No rest for Botany's struggling truckies
No rest for Botany's struggling truckies
By Brad Gardner | January 12, 2010

Truck drivers at Port Botany are being forced to work 20 hours straight and use their cabs as makeshift homes just to survive, according to the Transport Workers Union.

The TWU has released the findings of its investigations into the running of Sydney’s ports, with union boss Tony Sheldon saying the findings show drivers are being treated as "second-class citizens".

Sheldon claims as many as 60 drivers a day have to work at least 15 to 16 hours and break road laws due to economic pressure from clients.

"We have other drivers sleeping in their trucks because they are working 18 to 20 hours straight and can’t afford time off because they can’t afford the fuel home," Sheldon says.

"It is stain on our national economy when we have drivers sleeping in their trucks around Port Botany because they can’t afford to drive them home for the night."

According to Sheldon, many drivers are also denied penalty rates for evening and weekend work and queuing times at the port.

He says this forces many to work longer to try and make up for lost time.

The alarming findings forced the Rudd Government to reiterate its support for an overhaul of pay methods in the industry to end unsafe practices.

Deputy Prime Minister and Industrial Relations Minister Julia Gillard says there is a relationship between on-road behaviour and rates of pay.

"How you pay the truck drivers induces behaviour; whether they drive safely or whether they push themselves to drive long hours because it’s the only way that they’re going to get paid," Gillard says.

"So we want to make sure that the system of pay, what’s called ‘safe rates’, is a system that’s actually leading to good behaviour on our roads."

Gillard last year established a group made up of employer and employee representatives to develop a new pay system to ensure drivers adequately recover costs.

As well as the TWU, the group includes the Victorian Transport Association, the Queensland Trucking Association, Linfox and Scott’s Transport.

The TWU wants a tribunal established capable of ruling on what constitutes a ‘safe rate’ and safe working conditions.

"Clients have drivers over the barrel and exercise their power in way[s] that can only be described as immoral," Sheldon says.
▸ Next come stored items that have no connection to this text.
lemma strongly_p_converges_stable:
  assumes conv: "strongly_p_converges ar R ts ps \<alpha> s t"
    and tot: "total_term (ts \<beta>0)" and Q: "Q \<subseteq> poss (ts \<beta>0)" "prefix_closed Q"
    and avoid: "\<forall>\<gamma>. \<beta>0 \<le> \<gamma> \<and> \<gamma> < \<alpha> \<longrightarrow> ps \<gamma> \<notin> Q"
  shows "\<beta>0 \<le> \<iota> \<Longrightarrow> \<iota> < \<alpha> \<Longrightarrow> \<forall>p\<in>Q. ts \<iota> p = ts \<beta>0 p"
proof (induction \<iota> rule: less_induct)
  case (less \<iota>)
  have red: "is_reduction ar R ts ps \<alpha>"
    and lims: "\<forall>lam<\<alpha>. is_limit lam \<longrightarrow> is_liminf ar lam (ctxt_at ts ps) (ts lam)"
    using conv unfolding strongly_p_converges_def by blast+
  consider "\<iota> = \<beta>0" | "\<beta>0 < \<iota>" "is_limit \<iota>" | "\<beta>0 < \<iota>" "\<not> is_limit \<iota>"
    using less.prems(1) by fastforce
  then show ?case
  proof cases
    case 1
    then show ?thesis by simp
  next
    case 2
    then have "is_liminf ar \<iota> (ctxt_at ts ps) (ts \<iota>)" using lims less.prems(2) by blast
    moreover have "is_reduction ar R ts ps \<iota>" using is_reduction_mono[OF red] less.prems(2) by simp
    moreover have "\<forall>\<kappa>. \<beta>0 \<le> \<kappa> \<and> \<kappa> < \<iota> \<longrightarrow> ps \<kappa> \<notin> Q \<and> (\<forall>p\<in>Q. ts \<kappa> p = ts \<beta>0 p)"
    proof (intro allI impI)
      fix \<kappa>
      assume "\<beta>0 \<le> \<kappa> \<and> \<kappa> < \<iota>"
      moreover from this have "\<kappa> < \<alpha>" using less.prems(2) by auto
      ultimately show "ps \<kappa> \<notin> Q \<and> (\<forall>p\<in>Q. ts \<kappa> p = ts \<beta>0 p)"
        using avoid less.IH by blast
    qed
    ultimately show ?thesis using liminf_ctxt_at_eq_if_stable \<open>\<beta>0 < \<iota>\<close> tot Q by blast
  next
    case 3
    then obtain j where "j < \<iota>" "osucc j = \<iota>" using non_limit_osucc by blast
    then have "\<beta>0 \<le> j" using osucc_le \<open>\<beta>0 < \<iota>\<close> by (metis leD le_less_linear)
    have "j < \<alpha>" using \<open>j < \<iota>\<close> less.prems(2) by simp
    then have "ps j \<notin> Q" using avoid \<open>\<beta>0 \<le> j\<close> by blast
    have "rstep ar R (ts j) (ps j) (ts \<iota>)"
      using red \<open>j < \<alpha>\<close> \<open>osucc j = \<iota>\<close> unfolding is_reduction_def by force
    then have "ts \<iota> p = ts j p" if "p \<in> Q" for p
      using rstep_unchanged_outside prefix_closed_not_prefix[OF Q(2) that \<open>ps j \<notin> Q\<close>] by blast
    then show ?thesis using less.IH[OF \<open>j < \<iota>\<close> \<open>\<beta>0 \<le> j\<close> \<open>j < \<alpha>\<close>] by simp
  qed
qed

lemma strongly_p_converges_limit_stable:
  assumes conv: "strongly_p_converges ar R ts ps lam s T" and "is_limit lam"
    and "\<beta>0 < lam" and tot: "total_term (ts \<beta>0)" and Q: "Q \<subseteq> poss (ts \<beta>0)" "prefix_closed Q"
    and avoid: "\<forall>\<gamma>. \<beta>0 \<le> \<gamma> \<and> \<gamma> < lam \<longrightarrow> ps \<gamma> \<notin> Q"
    and "p \<in> Q"
  shows "T p = ts \<beta>0 p"
proof -
  have red: "is_reduction ar R ts ps lam" and lim: "is_liminf ar lam (ctxt_at ts ps) T"
    using conv \<open>is_limit lam\<close> unfolding strongly_p_converges_def by auto
  have "\<forall>\<iota>. \<beta>0 \<le> \<iota> \<and> \<iota> < lam \<longrightarrow> ps \<iota> \<notin> Q \<and> (\<forall>p\<in>Q. ts \<iota> p = ts \<beta>0 p)"
    using avoid strongly_p_converges_stable[OF conv tot Q avoid] by simp
  from liminf_ctxt_at_eq_if_stable[OF red lim \<open>\<beta>0 < lam\<close> tot Q this \<open>p \<in> Q\<close>]
  show ?thesis .
qed

lemma eventually_avoided:
  assumes "finite P" and "is_limit lam" and "\<forall>p\<in>P. \<not> volatile_in_prefix ps lam p"
  shows "\<exists>\<beta>0<lam. \<forall>\<gamma>. \<beta>0 \<le> \<gamma> \<and> \<gamma> < lam \<longrightarrow> ps \<gamma> \<notin> P"
  using assms(1,3)
proof (induction P rule: finite_induct)
  case empty
  then show ?case using assms(2) unfolding is_limit_def by auto
next
  case (insert p P)
  then obtain \<beta>1 where "\<beta>1 < lam" "\<forall>\<gamma>. \<beta>1 \<le> \<gamma> \<and> \<gamma> < lam \<longrightarrow> ps \<gamma> \<notin> P" by auto
  moreover obtain \<beta>2 where "\<beta>2 < lam" "\<forall>\<gamma>. \<beta>2 \<le> \<gamma> \<and> \<gamma> < lam \<longrightarrow> ps \<gamma> \<noteq> p"
    using insert.prems assms(2) unfolding volatile_in_prefix_def by auto
  ultimately show ?case by (intro exI[of _ "max \<beta>1 \<beta>2"]) auto
qed

lemma volatile_limit_not_total:
  assumes conv: "strongly_p_converges ar R ts ps lam s T"
    and tot: "\<forall>\<iota><lam. total_term (ts \<iota>)" and "volatile_in_prefix ps lam \<pi>0"
  shows "\<not> total_term T"
proof
  assume totT: "total_term T"
  obtain \<pi> where vol: "volatile_in_prefix ps lam \<pi>"
    and shortest: "\<And>\<pi>'. length \<pi>' < length \<pi> \<Longrightarrow> \<not> volatile_in_prefix ps lam \<pi>'"
    using ex_has_least_nat[of "volatile_in_prefix ps lam" \<pi>0 length] \<open>volatile_in_prefix ps lam \<pi>0\<close>
    by (metis not_le)
  have "is_limit lam" using vol unfolding volatile_in_prefix_def by blast
  then have lim: "is_liminf ar lam (ctxt_at ts ps) T"
    using conv unfolding strongly_p_converges_def by auto
  define Q where "Q = {p. strict_prefix p \<pi>}"
  have "finite Q" unfolding Q_def
    by (rule finite_subset[of _ "set (prefixes \<pi>)"]) (auto simp: strict_prefix_def)
  moreover have "\<forall>p\<in>Q. \<not> volatile_in_prefix ps lam p"
    using shortest prefix_length_less unfolding Q_def by blast
  ultimately obtain \<beta>1 where "\<beta>1 < lam" and avoid: "\<forall>\<gamma>. \<beta>1 \<le> \<gamma> \<and> \<gamma> < lam \<longrightarrow> ps \<gamma> \<notin> Q"
    using eventually_avoided \<open>is_limit lam\<close> by metis
  then obtain \<gamma> where "\<beta>1 \<le> \<gamma>" "\<gamma> < lam" "ps \<gamma> = \<pi>"
    using vol unfolding volatile_in_prefix_def by blast
  have "rstep ar R (ts \<gamma>) (ps \<gamma>) (ts (osucc \<gamma>))"
    using conv \<open>\<gamma> < lam\<close> unfolding strongly_p_converges_def is_reduction_def by blast
  then have wf\<gamma>: "wf_pterm ar (ts \<gamma>)" and "ts \<gamma> \<pi> \<noteq> None"
    using \<open>ps \<gamma> = \<pi>\<close> unfolding rstep_def poss_def by auto
  have "Q \<subseteq> poss (ts \<gamma>)"
    using wf_pterm_prefix_defined[OF wf\<gamma> _ \<open>ts \<gamma> \<pi> \<noteq> None\<close>]
    unfolding Q_def poss_def strict_prefix_def by blast
  moreover have "prefix_closed Q"
    unfolding prefix_closed_def Q_def using prefix_order.le_less_trans by blast
  moreover have "\<forall>\<kappa>. \<gamma> \<le> \<kappa> \<and> \<kappa> < lam \<longrightarrow> ps \<kappa> \<notin> Q"
    using avoid \<open>\<beta>1 \<le> \<gamma>\<close> by auto
  ultimately have agree: "T p = ts \<gamma> p" if "p \<in> Q" for p
    using strongly_p_converges_limit_stable[OF conv \<open>is_limit lam\<close> \<open>\<gamma> < lam\<close>] tot \<open>\<gamma> < lam\<close> that
    by simp
  have "wf_pterm ar T" using lim unfolding is_liminf_def is_lub_def by blast
  then have "T \<pi> \<noteq> None"
    using wf_pterm_defined_if_agree_on_strict_prefixes[OF wf\<gamma> _ \<open>ts \<gamma> \<pi> \<noteq> None\<close>] agree
    unfolding Q_def by simp
  then have "T \<pi> = Some Bot" by (rule liminf_ctxt_at_volatile_Bot[OF lim vol])
  then show False using totT unfolding total_term_def by blast
qed

lemma limit_total_if_not_volatile:
  assumes conv: "strongly_p_converges ar R ts ps lam s T" and "is_limit lam"
    and tot: "\<forall>\<iota><lam. total_term (ts \<iota>)" and nv: "\<forall>\<pi>. \<not> volatile_in_prefix ps lam \<pi>"
  shows "total_term T"
proof (rule ccontr)
  assume "\<not> total_term T"
  then obtain \<pi> where T\<pi>: "T \<pi> = Some Bot" unfolding total_term_def by blast
  obtain \<beta>0 where "\<beta>0 < lam" and avoid: "\<forall>\<gamma>. \<beta>0 \<le> \<gamma> \<and> \<gamma> < lam \<longrightarrow> ps \<gamma> \<notin> set (prefixes \<pi>)"
    using eventually_avoided[of "set (prefixes \<pi>)"] \<open>is_limit lam\<close> nv by blast
  then have tot0: "total_term (ts \<beta>0)" and wf0: "wf_pterm ar (ts \<beta>0)"
    using tot conv unfolding strongly_p_converges_def is_reduction_def rstep_def by auto
  define Q where "Q = {p. prefix p \<pi> \<and> ts \<beta>0 p \<noteq> None}"
  have "Q \<subseteq> poss (ts \<beta>0)" unfolding Q_def poss_def by blast
  moreover have "prefix_closed Q" unfolding prefix_closed_def Q_def
    using wf_pterm_prefix_defined[OF wf0] prefix_order.trans by blast
  ultimately have agree: "T p = ts \<beta>0 p" if "p \<in> Q" for p
    using strongly_p_converges_limit_stable[OF conv \<open>is_limit lam\<close> \<open>\<beta>0 < lam\<close> tot0] avoid that
    unfolding Q_def by force
  have "wf_pterm ar T"
    using conv \<open>is_limit lam\<close> unfolding strongly_p_converges_def is_liminf_def is_lub_def by auto
  then have "ts \<beta>0 \<pi> \<noteq> None"
    using wf_pterm_defined_if_agree_on_strict_prefixes[OF _ wf0, of T \<pi>] T\<pi> agree
    unfolding Q_def strict_prefix_def by fastforce
  then have "ts \<beta>0 \<pi> = Some Bot" using agree T\<pi> unfolding Q_def by fastforce
  then show False using tot0 unfolding total_term_def by blast
qed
The advisory group will look at the recommendations of the National Transport Commission’s report into remuneration in the industry which found a link between safety and pay rates.

Gillard says the group will also look at ‘safe rates’ in the context of existing state and federal regulations and the Council of Australian Governments’ (COAG) decision to establish uniform transport laws.

The group will also need to consider the recommendations of an inquiry by Lance Wright QC and Professor Michael Quinlan in 2008 that criticised current pay practices and identified low pay with poor safety.

The TWU has long argued that pressure from clients and poor pay has forced truck drivers to commit unsafe practices.

It wants urgent action from the Government to reform the industry and last year began a new campaign of planting crosses in public places to show how many people have died from truck-related incidents since the release of the NTC’s report.